**Supplied records**.
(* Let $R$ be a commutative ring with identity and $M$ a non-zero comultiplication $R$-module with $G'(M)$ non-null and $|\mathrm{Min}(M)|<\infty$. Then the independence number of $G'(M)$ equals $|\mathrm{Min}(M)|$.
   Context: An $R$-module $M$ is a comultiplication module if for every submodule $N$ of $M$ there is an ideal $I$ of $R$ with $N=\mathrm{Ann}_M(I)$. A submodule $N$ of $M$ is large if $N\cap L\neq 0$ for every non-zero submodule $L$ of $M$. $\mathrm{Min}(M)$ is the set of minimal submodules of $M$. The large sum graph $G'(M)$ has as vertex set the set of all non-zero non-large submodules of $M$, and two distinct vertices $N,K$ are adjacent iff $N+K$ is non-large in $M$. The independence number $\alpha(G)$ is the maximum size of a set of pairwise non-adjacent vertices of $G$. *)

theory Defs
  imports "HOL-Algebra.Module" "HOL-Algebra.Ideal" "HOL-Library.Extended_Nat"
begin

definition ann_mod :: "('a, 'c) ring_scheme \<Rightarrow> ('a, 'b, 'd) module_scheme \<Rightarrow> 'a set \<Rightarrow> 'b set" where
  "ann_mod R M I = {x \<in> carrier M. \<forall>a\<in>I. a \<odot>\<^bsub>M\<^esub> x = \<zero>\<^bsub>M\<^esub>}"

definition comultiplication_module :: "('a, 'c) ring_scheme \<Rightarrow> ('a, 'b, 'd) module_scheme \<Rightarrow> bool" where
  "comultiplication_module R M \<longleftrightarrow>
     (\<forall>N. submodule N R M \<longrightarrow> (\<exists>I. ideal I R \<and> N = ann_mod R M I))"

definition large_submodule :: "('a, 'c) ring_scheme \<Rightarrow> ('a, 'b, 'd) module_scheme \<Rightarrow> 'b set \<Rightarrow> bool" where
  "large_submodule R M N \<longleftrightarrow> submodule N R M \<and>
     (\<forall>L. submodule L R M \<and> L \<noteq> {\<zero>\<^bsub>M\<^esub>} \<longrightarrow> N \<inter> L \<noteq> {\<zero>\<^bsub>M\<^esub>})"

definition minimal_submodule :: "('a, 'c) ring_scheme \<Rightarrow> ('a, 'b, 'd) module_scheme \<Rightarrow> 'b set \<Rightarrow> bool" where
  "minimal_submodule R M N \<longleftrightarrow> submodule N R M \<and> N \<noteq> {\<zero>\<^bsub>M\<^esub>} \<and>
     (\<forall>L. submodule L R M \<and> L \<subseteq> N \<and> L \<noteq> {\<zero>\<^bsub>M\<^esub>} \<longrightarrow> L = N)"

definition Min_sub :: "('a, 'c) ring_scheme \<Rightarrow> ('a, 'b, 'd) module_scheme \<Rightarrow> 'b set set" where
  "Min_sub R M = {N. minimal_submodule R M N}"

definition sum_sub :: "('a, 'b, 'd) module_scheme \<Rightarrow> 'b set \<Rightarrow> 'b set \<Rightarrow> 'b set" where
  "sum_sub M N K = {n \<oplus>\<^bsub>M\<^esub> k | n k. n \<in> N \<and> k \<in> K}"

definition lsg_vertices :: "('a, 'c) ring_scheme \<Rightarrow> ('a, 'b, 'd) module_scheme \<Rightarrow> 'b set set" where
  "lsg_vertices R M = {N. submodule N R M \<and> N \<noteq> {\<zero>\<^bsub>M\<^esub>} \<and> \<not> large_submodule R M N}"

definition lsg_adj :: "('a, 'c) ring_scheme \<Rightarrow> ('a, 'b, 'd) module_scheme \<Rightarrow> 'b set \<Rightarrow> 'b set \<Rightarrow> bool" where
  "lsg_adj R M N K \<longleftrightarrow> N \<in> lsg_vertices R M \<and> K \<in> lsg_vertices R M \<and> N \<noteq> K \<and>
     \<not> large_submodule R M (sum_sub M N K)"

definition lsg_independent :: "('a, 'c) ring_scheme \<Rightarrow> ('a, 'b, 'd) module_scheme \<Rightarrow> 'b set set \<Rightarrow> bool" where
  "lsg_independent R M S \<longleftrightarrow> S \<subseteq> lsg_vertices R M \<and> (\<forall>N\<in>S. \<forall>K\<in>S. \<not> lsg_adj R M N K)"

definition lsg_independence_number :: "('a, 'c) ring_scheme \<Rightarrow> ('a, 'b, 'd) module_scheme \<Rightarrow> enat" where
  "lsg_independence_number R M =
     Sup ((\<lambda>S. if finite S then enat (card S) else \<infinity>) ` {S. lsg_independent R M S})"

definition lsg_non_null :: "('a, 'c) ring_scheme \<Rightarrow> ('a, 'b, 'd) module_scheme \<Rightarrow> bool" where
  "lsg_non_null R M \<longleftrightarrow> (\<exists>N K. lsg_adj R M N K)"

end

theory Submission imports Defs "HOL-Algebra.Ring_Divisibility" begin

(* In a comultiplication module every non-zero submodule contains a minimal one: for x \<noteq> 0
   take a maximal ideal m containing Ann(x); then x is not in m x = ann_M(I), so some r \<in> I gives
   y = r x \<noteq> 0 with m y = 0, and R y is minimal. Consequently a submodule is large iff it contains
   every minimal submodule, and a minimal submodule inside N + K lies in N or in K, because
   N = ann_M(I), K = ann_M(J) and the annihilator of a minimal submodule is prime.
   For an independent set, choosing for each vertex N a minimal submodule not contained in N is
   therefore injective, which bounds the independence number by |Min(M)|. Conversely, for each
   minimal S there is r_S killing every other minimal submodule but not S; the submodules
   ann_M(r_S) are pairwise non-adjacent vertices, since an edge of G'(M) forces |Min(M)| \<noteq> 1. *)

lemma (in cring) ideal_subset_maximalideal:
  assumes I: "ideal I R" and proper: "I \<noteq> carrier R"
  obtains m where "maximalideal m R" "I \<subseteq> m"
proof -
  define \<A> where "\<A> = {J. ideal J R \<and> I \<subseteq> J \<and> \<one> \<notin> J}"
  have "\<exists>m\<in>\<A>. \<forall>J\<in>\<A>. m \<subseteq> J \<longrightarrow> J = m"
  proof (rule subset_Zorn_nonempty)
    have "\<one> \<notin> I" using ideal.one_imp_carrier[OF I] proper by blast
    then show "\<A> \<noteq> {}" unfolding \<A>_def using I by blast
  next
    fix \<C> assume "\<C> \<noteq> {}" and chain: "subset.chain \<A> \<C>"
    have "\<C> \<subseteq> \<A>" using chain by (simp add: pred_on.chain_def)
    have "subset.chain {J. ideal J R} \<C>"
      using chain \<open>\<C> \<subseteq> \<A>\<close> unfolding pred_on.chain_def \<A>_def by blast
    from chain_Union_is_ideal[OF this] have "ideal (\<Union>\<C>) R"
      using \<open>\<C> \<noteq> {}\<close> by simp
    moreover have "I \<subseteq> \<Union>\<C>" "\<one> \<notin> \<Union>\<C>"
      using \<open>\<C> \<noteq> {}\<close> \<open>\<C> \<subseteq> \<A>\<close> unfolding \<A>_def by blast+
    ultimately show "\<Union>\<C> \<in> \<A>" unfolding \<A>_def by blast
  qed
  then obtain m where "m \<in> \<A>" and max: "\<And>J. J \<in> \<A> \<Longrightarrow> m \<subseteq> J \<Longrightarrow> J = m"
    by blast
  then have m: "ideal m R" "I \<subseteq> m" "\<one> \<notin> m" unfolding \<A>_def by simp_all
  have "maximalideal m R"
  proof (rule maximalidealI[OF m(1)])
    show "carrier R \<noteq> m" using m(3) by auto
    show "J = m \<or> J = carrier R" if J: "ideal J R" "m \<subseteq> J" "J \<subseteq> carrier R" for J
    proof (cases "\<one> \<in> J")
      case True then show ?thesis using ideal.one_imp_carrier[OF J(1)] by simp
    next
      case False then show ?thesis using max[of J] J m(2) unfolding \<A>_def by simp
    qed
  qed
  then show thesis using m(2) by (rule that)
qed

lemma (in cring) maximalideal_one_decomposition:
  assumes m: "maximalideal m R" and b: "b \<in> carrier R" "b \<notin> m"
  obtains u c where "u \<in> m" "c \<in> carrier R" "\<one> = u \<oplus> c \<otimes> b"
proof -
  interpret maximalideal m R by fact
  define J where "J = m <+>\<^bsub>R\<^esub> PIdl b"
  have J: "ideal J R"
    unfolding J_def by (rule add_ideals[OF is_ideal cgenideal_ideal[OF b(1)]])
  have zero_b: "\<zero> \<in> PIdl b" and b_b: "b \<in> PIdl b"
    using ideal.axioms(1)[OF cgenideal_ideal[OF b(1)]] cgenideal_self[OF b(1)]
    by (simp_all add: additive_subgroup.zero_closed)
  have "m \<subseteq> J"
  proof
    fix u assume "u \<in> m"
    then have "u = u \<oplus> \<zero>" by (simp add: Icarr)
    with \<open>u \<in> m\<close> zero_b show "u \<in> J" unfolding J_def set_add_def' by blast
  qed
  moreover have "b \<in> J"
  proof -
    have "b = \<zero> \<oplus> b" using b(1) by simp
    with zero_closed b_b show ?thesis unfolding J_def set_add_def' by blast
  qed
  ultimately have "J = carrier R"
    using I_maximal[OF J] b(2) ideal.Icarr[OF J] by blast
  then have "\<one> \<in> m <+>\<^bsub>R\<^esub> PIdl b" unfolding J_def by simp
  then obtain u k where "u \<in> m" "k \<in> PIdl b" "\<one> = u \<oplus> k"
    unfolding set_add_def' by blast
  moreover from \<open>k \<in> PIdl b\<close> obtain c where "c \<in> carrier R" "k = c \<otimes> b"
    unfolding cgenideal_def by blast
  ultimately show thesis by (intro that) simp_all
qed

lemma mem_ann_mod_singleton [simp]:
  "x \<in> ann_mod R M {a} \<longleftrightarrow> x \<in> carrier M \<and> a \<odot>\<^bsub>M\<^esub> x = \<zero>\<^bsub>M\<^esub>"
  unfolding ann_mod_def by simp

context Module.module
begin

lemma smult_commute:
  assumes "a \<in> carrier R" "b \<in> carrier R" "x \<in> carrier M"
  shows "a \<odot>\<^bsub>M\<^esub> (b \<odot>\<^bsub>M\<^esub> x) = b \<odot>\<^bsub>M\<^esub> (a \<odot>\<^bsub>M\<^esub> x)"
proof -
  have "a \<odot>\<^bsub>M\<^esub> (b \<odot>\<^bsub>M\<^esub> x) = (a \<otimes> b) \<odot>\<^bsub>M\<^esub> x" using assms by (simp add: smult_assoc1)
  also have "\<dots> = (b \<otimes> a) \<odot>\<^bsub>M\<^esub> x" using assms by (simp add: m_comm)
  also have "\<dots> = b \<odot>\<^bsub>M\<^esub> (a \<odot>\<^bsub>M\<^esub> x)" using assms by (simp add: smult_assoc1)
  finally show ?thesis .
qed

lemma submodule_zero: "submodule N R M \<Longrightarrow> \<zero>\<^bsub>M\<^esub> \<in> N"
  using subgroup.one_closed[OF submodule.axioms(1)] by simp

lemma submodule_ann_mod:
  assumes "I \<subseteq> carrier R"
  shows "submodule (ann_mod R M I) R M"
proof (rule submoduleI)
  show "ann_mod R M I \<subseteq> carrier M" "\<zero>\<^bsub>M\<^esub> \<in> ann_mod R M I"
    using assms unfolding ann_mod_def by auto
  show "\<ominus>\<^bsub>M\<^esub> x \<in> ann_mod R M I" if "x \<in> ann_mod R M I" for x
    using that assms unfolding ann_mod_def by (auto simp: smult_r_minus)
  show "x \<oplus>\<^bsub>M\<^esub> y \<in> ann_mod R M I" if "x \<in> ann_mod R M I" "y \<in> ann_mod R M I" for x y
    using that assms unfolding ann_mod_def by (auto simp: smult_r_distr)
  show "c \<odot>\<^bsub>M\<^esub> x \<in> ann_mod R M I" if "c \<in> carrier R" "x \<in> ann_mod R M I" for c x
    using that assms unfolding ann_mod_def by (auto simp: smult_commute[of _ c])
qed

---

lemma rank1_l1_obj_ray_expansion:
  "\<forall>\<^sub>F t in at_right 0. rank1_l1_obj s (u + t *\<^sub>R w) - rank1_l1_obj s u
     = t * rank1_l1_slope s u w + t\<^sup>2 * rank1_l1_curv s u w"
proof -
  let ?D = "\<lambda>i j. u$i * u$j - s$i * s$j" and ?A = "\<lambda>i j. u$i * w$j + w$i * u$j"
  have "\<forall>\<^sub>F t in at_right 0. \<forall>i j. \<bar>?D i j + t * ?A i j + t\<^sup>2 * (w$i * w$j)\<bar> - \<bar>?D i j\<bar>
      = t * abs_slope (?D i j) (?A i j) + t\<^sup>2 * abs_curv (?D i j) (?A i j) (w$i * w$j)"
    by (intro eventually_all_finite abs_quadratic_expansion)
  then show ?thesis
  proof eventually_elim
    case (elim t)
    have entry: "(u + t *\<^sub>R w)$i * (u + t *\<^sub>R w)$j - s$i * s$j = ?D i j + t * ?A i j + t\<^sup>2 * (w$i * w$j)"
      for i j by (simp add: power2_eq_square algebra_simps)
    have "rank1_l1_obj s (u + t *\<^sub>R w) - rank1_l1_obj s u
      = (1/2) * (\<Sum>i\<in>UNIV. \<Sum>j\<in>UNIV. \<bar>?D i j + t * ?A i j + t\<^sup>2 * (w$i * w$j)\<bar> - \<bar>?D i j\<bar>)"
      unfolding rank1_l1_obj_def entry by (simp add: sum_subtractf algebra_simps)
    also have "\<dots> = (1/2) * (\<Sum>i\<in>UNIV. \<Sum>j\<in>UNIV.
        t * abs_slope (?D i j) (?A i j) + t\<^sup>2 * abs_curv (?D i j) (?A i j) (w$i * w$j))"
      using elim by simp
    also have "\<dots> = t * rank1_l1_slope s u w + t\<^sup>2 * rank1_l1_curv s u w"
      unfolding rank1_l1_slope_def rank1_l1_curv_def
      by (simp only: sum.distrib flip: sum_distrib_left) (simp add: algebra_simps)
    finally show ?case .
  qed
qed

==

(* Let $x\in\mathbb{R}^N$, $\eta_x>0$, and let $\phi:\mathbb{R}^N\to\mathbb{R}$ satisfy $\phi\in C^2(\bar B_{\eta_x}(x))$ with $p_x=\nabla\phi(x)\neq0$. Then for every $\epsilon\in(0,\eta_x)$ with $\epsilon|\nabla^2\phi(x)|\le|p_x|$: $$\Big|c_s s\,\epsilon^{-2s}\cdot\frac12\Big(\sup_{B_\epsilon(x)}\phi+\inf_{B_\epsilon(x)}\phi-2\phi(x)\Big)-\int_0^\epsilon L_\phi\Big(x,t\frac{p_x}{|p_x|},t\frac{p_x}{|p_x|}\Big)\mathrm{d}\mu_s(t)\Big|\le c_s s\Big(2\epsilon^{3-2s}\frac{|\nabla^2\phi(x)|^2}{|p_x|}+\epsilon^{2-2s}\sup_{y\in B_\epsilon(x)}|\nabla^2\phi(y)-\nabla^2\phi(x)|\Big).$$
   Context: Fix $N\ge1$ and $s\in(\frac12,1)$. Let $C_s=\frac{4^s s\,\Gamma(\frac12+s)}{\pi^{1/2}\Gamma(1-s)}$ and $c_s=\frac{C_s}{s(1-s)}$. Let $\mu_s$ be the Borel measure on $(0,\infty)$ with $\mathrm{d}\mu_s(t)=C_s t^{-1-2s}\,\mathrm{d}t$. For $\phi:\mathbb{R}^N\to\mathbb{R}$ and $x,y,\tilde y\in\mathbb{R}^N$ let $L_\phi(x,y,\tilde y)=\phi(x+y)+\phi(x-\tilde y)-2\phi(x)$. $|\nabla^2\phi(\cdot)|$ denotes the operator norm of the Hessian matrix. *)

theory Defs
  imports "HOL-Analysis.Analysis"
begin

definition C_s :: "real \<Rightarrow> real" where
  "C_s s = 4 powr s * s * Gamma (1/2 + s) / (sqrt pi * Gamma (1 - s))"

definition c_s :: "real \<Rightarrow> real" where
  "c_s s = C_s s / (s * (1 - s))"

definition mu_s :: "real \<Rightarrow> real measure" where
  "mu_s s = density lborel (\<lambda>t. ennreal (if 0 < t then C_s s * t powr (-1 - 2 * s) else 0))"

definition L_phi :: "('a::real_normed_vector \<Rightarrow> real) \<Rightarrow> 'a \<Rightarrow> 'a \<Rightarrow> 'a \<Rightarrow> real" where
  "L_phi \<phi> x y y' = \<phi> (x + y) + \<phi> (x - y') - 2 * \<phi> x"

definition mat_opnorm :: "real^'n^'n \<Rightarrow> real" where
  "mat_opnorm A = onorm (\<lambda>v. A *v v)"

**What is required**. Both end lines included, restate word for word the lines above from the line with "M S \<longleftrightarrow>" to the line with "take a maximal", and nothing else.

**The answer**.
  "lsg_independent R M S \<longleftrightarrow> S \<subseteq> lsg_vertices R M \<and> (\<forall>N\<in>S. \<forall>K\<in>S. \<not> lsg_adj R M N K)"

definition lsg_independence_number :: "('a, 'c) ring_scheme \<Rightarrow> ('a, 'b, 'd) module_scheme \<Rightarrow> enat" where
  "lsg_independence_number R M =
     Sup ((\<lambda>S. if finite S then enat (card S) else \<infinity>) ` {S. lsg_independent R M S})"

definition lsg_non_null :: "('a, 'c) ring_scheme \<Rightarrow> ('a, 'b, 'd) module_scheme \<Rightarrow> bool" where
  "lsg_non_null R M \<longleftrightarrow> (\<exists>N K. lsg_adj R M N K)"

end

theory Submission imports Defs "HOL-Algebra.Ring_Divisibility" begin

(* In a comultiplication module every non-zero submodule contains a minimal one: for x \<noteq> 0
   take a maximal ideal m containing Ann(x); then x is not in m x = ann_M(I), so some r \<in> I gives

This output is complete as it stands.